▶ Exercise brief
In the listing below, find the line that contains "imports Defs" and the line that contains "x = frechet_derivative". Quote both and every line between them, exactly, and nothing more.

---

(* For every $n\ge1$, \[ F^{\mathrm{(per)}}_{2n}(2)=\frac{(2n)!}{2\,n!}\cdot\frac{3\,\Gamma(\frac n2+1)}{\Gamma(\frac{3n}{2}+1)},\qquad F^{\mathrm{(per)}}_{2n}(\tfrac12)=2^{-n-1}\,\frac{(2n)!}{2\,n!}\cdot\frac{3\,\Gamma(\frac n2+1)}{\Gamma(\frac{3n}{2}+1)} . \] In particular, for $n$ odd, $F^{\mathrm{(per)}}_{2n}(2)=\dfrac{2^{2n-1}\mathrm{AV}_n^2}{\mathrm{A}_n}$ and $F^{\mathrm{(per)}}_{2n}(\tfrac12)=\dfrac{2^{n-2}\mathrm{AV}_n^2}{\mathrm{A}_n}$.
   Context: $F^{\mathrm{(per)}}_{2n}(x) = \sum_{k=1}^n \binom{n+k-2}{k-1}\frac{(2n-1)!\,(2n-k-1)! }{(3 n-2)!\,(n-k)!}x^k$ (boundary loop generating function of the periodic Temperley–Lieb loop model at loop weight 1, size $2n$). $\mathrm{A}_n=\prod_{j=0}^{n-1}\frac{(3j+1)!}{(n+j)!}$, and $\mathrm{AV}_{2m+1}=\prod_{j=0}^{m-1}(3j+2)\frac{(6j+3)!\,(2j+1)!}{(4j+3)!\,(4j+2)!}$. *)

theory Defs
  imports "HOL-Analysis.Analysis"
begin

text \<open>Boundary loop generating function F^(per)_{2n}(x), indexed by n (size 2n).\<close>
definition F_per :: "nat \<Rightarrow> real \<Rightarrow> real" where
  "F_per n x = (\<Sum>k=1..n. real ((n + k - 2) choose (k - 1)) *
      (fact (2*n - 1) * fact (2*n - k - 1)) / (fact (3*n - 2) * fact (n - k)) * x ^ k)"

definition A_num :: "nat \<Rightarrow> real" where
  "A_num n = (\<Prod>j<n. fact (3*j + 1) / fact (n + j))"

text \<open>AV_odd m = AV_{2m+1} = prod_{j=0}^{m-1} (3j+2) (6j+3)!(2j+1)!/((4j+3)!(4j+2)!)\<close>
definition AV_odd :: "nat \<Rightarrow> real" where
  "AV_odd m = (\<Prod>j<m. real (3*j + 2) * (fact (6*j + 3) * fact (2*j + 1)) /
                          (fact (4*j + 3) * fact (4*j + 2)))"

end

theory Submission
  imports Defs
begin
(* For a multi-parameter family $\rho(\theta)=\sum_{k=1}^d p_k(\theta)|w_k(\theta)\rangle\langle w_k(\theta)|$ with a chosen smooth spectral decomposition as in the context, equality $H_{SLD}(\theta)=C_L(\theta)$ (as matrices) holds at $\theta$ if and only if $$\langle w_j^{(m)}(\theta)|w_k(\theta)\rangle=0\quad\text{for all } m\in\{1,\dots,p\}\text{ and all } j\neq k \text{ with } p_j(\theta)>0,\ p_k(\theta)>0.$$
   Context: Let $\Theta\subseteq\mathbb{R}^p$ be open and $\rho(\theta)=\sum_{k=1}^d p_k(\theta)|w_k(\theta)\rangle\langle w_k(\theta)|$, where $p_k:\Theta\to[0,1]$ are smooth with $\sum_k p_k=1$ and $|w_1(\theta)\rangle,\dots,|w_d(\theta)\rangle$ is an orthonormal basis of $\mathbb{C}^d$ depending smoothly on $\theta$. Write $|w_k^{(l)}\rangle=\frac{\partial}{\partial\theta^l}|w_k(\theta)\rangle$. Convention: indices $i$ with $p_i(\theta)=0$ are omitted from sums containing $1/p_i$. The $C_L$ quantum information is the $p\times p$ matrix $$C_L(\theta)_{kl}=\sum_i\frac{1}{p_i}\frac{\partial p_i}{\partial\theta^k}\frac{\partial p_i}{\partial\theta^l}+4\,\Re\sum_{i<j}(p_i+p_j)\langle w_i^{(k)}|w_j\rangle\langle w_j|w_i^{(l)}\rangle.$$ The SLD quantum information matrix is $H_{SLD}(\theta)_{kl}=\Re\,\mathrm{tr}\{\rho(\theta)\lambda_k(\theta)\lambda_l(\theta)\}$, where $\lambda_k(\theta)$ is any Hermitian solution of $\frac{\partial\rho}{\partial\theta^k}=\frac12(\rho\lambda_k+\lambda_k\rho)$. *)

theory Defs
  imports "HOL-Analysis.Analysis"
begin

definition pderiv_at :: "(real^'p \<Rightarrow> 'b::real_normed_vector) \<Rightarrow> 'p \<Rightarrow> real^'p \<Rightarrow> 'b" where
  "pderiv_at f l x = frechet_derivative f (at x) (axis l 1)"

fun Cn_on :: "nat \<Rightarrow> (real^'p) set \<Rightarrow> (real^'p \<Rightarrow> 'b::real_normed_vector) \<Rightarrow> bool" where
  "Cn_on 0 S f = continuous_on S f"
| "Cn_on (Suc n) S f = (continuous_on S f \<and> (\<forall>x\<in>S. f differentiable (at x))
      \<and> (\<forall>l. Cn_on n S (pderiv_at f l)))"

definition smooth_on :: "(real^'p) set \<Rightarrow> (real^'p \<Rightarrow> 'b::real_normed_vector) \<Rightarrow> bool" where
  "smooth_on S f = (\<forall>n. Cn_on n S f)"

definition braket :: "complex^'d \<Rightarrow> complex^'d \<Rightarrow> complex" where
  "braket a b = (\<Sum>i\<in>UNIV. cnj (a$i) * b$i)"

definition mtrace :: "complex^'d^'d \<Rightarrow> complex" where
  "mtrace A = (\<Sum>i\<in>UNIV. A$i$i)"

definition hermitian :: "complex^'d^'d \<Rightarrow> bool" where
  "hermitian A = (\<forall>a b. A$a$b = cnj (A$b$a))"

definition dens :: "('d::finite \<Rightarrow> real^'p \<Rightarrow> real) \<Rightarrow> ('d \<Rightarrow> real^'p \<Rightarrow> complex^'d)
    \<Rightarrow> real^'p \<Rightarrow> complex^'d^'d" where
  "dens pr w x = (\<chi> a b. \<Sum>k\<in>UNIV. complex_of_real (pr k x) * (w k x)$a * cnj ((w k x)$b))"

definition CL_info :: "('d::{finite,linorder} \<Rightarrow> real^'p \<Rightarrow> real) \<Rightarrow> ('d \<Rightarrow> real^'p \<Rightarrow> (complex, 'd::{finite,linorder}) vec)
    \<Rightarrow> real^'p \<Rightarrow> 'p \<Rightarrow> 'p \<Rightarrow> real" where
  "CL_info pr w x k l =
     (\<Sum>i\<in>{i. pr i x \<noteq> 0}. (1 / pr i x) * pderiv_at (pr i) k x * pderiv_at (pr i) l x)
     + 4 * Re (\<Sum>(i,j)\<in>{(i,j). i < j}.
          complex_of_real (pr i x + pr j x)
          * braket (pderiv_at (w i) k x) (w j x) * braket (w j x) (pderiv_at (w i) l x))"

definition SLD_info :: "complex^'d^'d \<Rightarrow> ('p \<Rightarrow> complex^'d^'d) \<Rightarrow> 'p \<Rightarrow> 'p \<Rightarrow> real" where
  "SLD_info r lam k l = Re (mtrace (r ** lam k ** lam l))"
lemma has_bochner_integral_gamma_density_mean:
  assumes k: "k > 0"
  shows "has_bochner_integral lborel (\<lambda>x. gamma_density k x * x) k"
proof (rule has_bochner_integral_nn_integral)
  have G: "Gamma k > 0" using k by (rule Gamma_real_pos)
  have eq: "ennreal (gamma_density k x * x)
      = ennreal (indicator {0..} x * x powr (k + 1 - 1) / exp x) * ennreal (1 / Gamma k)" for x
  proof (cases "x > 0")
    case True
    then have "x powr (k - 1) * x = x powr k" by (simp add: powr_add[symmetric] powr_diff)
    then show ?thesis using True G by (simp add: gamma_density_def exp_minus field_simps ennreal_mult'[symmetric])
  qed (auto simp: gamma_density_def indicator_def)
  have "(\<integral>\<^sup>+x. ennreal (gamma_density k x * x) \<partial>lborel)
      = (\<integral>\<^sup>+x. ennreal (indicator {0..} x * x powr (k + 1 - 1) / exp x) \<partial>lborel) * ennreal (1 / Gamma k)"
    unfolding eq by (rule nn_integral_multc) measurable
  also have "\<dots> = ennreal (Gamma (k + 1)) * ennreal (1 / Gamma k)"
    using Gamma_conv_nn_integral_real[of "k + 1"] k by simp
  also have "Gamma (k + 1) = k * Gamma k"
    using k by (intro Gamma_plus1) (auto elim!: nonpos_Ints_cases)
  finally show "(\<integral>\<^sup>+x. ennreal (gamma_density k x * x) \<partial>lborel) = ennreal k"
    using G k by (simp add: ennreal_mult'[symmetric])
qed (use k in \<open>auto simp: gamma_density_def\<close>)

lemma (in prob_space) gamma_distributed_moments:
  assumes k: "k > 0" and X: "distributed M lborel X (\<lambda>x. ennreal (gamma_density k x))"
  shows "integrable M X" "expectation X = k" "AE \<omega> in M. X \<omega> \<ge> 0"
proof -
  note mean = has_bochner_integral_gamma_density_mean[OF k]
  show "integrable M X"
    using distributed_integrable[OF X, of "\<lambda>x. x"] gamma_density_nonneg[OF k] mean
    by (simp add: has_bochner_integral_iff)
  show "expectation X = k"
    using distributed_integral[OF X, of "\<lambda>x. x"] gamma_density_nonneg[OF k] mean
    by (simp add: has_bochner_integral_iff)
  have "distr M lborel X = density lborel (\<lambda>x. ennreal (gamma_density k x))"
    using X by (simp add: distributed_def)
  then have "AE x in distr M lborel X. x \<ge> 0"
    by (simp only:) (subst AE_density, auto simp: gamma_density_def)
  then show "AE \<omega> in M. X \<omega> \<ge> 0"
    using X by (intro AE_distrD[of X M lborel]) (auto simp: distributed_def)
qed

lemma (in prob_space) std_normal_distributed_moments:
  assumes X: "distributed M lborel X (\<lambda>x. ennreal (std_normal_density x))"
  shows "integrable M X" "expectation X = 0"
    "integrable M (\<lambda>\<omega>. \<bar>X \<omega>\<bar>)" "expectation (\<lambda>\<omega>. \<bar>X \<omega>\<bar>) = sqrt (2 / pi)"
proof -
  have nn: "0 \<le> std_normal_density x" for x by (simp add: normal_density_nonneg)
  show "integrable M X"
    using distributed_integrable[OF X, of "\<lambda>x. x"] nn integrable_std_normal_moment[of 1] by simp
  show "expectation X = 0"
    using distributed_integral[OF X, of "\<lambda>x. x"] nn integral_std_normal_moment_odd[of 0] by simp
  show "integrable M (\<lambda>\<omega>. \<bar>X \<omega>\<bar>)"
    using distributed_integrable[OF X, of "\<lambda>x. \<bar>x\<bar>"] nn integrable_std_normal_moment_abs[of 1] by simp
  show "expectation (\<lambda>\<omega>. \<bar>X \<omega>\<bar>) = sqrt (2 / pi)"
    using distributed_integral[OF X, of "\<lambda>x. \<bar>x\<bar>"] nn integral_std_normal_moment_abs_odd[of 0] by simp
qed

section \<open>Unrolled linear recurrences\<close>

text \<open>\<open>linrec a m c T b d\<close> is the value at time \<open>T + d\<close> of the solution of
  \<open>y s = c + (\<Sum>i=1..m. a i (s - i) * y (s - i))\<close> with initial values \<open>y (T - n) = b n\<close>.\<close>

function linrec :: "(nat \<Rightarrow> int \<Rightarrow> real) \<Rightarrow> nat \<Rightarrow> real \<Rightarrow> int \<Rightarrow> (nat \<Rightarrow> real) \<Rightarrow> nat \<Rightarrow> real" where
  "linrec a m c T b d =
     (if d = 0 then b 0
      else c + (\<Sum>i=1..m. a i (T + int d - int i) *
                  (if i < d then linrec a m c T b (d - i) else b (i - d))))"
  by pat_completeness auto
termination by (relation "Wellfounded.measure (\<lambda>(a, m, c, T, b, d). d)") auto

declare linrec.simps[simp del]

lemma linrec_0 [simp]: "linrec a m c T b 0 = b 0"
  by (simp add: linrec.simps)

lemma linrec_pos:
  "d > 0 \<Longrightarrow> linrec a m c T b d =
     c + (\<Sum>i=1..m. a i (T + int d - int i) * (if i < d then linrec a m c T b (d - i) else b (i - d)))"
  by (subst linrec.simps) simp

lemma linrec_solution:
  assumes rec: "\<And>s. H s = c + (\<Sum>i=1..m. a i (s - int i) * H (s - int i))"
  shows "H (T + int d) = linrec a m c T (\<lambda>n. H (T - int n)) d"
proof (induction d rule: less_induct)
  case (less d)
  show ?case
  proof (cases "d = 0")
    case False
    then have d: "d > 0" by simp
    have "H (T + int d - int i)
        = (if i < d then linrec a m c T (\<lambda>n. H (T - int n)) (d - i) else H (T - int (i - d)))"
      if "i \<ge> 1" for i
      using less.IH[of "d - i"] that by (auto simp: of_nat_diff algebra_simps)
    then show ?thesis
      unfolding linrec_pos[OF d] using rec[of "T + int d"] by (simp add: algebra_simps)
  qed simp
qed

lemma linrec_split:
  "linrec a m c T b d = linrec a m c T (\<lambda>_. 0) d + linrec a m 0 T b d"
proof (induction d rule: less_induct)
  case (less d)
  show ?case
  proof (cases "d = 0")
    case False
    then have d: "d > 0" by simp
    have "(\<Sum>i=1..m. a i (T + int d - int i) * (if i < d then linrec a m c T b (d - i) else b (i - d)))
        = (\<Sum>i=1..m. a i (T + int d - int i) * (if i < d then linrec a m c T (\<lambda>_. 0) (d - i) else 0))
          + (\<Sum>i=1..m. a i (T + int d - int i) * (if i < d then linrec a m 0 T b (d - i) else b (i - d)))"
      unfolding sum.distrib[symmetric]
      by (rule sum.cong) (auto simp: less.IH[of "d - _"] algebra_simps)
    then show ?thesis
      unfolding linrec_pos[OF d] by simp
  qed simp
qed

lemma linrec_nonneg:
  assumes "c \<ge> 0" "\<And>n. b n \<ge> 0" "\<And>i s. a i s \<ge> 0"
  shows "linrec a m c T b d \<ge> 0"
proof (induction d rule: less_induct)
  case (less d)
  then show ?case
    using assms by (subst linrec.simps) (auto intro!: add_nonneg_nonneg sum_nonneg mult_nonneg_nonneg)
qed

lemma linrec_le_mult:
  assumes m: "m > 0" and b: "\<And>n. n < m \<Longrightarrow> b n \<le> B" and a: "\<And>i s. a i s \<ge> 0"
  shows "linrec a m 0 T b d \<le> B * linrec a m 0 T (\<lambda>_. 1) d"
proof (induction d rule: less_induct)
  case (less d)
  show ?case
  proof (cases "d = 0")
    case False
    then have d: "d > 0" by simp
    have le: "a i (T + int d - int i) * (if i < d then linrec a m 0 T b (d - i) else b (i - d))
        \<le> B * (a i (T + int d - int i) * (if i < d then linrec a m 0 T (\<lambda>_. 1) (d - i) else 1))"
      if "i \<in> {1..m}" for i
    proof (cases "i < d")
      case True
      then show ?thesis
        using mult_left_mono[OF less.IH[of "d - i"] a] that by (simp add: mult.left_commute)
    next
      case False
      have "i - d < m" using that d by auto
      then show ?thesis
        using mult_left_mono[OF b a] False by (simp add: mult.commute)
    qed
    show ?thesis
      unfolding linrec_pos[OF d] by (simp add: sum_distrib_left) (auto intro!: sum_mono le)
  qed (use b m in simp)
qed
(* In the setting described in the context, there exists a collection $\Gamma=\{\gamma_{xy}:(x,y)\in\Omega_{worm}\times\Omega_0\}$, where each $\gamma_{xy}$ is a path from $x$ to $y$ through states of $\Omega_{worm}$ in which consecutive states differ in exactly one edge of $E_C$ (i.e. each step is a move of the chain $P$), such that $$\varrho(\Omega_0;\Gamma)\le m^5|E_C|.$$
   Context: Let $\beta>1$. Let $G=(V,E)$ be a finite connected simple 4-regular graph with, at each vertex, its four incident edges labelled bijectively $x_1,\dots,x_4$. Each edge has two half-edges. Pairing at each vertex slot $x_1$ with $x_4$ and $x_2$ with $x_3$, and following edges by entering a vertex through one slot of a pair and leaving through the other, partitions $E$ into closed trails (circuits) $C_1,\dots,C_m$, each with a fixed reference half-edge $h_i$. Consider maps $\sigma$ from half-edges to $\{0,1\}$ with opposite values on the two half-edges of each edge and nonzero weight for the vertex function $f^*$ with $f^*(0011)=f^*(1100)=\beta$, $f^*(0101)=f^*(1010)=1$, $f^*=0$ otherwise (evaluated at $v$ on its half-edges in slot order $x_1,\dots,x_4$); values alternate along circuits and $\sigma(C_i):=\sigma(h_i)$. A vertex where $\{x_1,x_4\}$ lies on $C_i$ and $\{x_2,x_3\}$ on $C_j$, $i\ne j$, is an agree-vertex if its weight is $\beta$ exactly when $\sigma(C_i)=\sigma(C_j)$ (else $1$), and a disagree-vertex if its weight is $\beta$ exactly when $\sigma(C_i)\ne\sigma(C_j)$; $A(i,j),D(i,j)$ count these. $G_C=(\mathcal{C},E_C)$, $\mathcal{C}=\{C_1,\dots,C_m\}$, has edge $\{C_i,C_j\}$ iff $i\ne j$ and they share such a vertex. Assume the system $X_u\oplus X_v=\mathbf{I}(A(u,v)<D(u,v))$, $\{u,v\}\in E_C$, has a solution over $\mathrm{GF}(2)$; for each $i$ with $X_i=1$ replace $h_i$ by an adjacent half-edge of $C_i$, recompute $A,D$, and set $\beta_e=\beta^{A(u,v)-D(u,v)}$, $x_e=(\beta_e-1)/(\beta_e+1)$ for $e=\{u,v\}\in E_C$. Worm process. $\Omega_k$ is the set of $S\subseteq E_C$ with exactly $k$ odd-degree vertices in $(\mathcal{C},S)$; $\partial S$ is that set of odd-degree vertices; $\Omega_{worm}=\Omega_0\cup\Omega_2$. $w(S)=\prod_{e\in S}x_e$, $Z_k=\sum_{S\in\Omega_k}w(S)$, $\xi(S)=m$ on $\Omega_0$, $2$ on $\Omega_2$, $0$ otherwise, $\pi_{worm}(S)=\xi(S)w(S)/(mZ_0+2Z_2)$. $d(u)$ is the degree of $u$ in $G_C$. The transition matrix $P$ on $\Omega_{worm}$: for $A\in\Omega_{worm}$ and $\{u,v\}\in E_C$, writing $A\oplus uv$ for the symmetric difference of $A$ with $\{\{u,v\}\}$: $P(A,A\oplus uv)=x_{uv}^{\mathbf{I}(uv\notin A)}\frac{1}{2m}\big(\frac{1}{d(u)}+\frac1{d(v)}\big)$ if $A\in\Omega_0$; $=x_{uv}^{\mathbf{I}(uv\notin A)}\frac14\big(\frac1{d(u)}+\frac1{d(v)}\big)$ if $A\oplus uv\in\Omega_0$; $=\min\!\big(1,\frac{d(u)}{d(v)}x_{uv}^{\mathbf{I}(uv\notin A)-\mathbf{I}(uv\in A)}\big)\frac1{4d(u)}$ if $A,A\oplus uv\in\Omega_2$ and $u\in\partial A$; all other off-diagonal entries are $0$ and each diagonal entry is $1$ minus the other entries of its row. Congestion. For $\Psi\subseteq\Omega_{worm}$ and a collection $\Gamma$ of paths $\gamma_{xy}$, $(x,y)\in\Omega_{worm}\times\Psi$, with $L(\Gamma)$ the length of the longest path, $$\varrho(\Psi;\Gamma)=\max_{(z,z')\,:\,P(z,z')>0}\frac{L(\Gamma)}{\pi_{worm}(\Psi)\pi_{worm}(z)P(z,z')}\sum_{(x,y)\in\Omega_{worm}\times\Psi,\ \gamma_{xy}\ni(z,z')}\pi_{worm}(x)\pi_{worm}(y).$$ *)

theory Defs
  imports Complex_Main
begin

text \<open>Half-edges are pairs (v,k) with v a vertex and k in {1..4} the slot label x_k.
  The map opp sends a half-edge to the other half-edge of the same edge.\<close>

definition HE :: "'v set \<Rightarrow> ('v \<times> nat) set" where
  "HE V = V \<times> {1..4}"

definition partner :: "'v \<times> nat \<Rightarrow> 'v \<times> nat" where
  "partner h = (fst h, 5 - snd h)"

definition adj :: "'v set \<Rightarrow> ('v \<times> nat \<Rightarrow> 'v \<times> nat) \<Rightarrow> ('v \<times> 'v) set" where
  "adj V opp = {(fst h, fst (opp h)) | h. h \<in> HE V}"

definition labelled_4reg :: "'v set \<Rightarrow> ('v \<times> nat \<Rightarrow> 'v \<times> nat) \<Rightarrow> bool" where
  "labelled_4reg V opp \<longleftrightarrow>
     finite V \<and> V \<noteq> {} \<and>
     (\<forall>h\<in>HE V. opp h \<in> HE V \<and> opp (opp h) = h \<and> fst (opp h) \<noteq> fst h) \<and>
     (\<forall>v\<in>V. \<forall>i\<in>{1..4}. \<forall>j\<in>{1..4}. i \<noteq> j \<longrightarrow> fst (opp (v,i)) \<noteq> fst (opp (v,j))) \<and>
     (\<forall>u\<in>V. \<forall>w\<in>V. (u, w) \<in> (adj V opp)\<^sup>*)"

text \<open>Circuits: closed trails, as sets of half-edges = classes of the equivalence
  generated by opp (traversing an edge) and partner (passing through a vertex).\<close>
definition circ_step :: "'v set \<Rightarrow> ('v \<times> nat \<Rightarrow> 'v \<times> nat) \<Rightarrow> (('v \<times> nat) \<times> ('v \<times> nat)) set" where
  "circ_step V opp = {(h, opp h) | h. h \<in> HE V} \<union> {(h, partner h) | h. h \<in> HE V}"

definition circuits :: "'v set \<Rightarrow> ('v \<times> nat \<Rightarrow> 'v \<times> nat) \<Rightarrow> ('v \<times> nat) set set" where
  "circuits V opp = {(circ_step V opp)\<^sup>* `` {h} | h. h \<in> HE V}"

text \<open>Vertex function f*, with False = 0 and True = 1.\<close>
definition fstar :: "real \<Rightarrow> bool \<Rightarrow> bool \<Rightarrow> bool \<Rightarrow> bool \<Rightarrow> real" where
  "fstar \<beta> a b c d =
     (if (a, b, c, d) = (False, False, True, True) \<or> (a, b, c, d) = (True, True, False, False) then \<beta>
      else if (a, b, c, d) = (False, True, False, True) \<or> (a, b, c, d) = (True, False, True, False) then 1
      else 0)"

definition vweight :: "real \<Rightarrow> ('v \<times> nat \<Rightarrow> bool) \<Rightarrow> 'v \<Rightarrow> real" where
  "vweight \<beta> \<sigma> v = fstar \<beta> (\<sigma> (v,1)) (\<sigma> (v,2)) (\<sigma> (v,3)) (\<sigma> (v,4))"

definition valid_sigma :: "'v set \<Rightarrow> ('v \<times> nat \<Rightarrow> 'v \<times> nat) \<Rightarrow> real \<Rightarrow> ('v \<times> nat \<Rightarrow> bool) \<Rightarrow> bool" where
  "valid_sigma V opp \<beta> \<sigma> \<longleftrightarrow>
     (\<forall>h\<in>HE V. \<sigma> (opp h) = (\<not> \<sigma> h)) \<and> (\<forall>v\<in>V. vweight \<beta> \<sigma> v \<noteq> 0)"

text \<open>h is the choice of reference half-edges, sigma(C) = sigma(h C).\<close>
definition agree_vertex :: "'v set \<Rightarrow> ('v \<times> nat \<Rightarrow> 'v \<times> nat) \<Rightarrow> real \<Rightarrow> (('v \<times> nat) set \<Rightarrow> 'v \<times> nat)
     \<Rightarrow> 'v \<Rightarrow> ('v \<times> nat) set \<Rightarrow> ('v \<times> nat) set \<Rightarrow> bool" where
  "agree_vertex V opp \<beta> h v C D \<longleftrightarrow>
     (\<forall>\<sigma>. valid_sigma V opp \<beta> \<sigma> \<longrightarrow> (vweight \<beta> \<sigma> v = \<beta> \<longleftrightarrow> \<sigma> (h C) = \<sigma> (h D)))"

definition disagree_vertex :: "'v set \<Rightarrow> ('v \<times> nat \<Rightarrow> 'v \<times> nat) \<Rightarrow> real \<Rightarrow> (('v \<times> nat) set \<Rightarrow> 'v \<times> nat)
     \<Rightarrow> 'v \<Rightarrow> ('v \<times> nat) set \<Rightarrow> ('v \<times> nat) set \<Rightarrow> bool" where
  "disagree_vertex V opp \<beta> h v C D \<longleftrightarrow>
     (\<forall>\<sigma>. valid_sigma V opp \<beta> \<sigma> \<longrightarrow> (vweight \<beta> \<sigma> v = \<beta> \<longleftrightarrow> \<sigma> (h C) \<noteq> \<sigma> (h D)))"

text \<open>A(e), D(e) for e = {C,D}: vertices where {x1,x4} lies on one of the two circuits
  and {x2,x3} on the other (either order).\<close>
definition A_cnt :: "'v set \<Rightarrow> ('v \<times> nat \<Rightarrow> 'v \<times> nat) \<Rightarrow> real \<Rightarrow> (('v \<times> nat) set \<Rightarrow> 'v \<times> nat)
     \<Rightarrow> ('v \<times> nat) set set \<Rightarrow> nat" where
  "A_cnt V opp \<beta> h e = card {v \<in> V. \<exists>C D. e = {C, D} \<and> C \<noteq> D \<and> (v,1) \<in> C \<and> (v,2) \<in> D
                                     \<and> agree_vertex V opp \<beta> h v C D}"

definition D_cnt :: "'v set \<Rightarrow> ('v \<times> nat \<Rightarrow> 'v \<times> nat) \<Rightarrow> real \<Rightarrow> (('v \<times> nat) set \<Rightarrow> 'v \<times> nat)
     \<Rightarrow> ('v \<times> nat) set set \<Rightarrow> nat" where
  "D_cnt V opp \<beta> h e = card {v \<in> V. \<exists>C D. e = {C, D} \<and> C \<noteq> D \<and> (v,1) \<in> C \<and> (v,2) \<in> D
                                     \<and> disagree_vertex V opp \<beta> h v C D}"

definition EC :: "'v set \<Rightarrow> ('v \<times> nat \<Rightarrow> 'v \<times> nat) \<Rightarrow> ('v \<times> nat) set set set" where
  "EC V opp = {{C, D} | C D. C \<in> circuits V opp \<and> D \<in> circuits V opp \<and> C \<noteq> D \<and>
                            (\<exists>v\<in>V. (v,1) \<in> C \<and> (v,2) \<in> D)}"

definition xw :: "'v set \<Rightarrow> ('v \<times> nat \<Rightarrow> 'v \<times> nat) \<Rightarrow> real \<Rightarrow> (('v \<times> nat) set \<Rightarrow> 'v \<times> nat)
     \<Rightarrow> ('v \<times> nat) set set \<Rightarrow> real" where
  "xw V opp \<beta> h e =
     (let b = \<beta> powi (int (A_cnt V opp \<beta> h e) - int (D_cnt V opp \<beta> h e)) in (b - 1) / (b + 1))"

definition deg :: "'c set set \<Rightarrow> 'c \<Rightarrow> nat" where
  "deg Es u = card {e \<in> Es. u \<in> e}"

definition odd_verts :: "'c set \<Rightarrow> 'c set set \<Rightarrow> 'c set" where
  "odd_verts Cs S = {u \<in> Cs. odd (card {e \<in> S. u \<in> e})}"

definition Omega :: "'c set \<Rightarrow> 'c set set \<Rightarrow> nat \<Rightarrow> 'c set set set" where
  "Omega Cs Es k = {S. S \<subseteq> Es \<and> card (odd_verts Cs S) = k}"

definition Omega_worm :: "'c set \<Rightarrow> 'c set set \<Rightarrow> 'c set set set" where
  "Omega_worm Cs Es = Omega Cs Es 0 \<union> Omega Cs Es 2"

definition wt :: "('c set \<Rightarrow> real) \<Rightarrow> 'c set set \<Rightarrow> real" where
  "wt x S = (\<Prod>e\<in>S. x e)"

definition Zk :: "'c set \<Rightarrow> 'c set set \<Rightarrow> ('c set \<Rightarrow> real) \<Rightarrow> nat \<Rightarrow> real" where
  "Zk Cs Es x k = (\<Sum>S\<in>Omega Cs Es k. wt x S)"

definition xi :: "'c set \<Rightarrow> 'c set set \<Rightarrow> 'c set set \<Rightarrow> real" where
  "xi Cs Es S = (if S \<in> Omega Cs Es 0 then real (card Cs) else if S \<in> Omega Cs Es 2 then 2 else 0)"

---

▶ Your solution
  imports Defs
begin
(* For a multi-parameter family $\rho(\theta)=\sum_{k=1}^d p_k(\theta)|w_k(\theta)\rangle\langle w_k(\theta)|$ with a chosen smooth spectral decomposition as in the context, equality $H_{SLD}(\theta)=C_L(\theta)$ (as matrices) holds at $\theta$ if and only if $$\langle w_j^{(m)}(\theta)|w_k(\theta)\rangle=0\quad\text{for all } m\in\{1,\dots,p\}\text{ and all } j\neq k \text{ with } p_j(\theta)>0,\ p_k(\theta)>0.$$
   Context: Let $\Theta\subseteq\mathbb{R}^p$ be open and $\rho(\theta)=\sum_{k=1}^d p_k(\theta)|w_k(\theta)\rangle\langle w_k(\theta)|$, where $p_k:\Theta\to[0,1]$ are smooth with $\sum_k p_k=1$ and $|w_1(\theta)\rangle,\dots,|w_d(\theta)\rangle$ is an orthonormal basis of $\mathbb{C}^d$ depending smoothly on $\theta$. Write $|w_k^{(l)}\rangle=\frac{\partial}{\partial\theta^l}|w_k(\theta)\rangle$. Convention: indices $i$ with $p_i(\theta)=0$ are omitted from sums containing $1/p_i$. The $C_L$ quantum information is the $p\times p$ matrix $$C_L(\theta)_{kl}=\sum_i\frac{1}{p_i}\frac{\partial p_i}{\partial\theta^k}\frac{\partial p_i}{\partial\theta^l}+4\,\Re\sum_{i<j}(p_i+p_j)\langle w_i^{(k)}|w_j\rangle\langle w_j|w_i^{(l)}\rangle.$$ The SLD quantum information matrix is $H_{SLD}(\theta)_{kl}=\Re\,\mathrm{tr}\{\rho(\theta)\lambda_k(\theta)\lambda_l(\theta)\}$, where $\lambda_k(\theta)$ is any Hermitian solution of $\frac{\partial\rho}{\partial\theta^k}=\frac12(\rho\lambda_k+\lambda_k\rho)$. *)

theory Defs
  imports "HOL-Analysis.Analysis"
begin

definition pderiv_at :: "(real^'p \<Rightarrow> 'b::real_normed_vector) \<Rightarrow> 'p \<Rightarrow> real^'p \<Rightarrow> 'b" where
  "pderiv_at f l x = frechet_derivative f (at x) (axis l 1)"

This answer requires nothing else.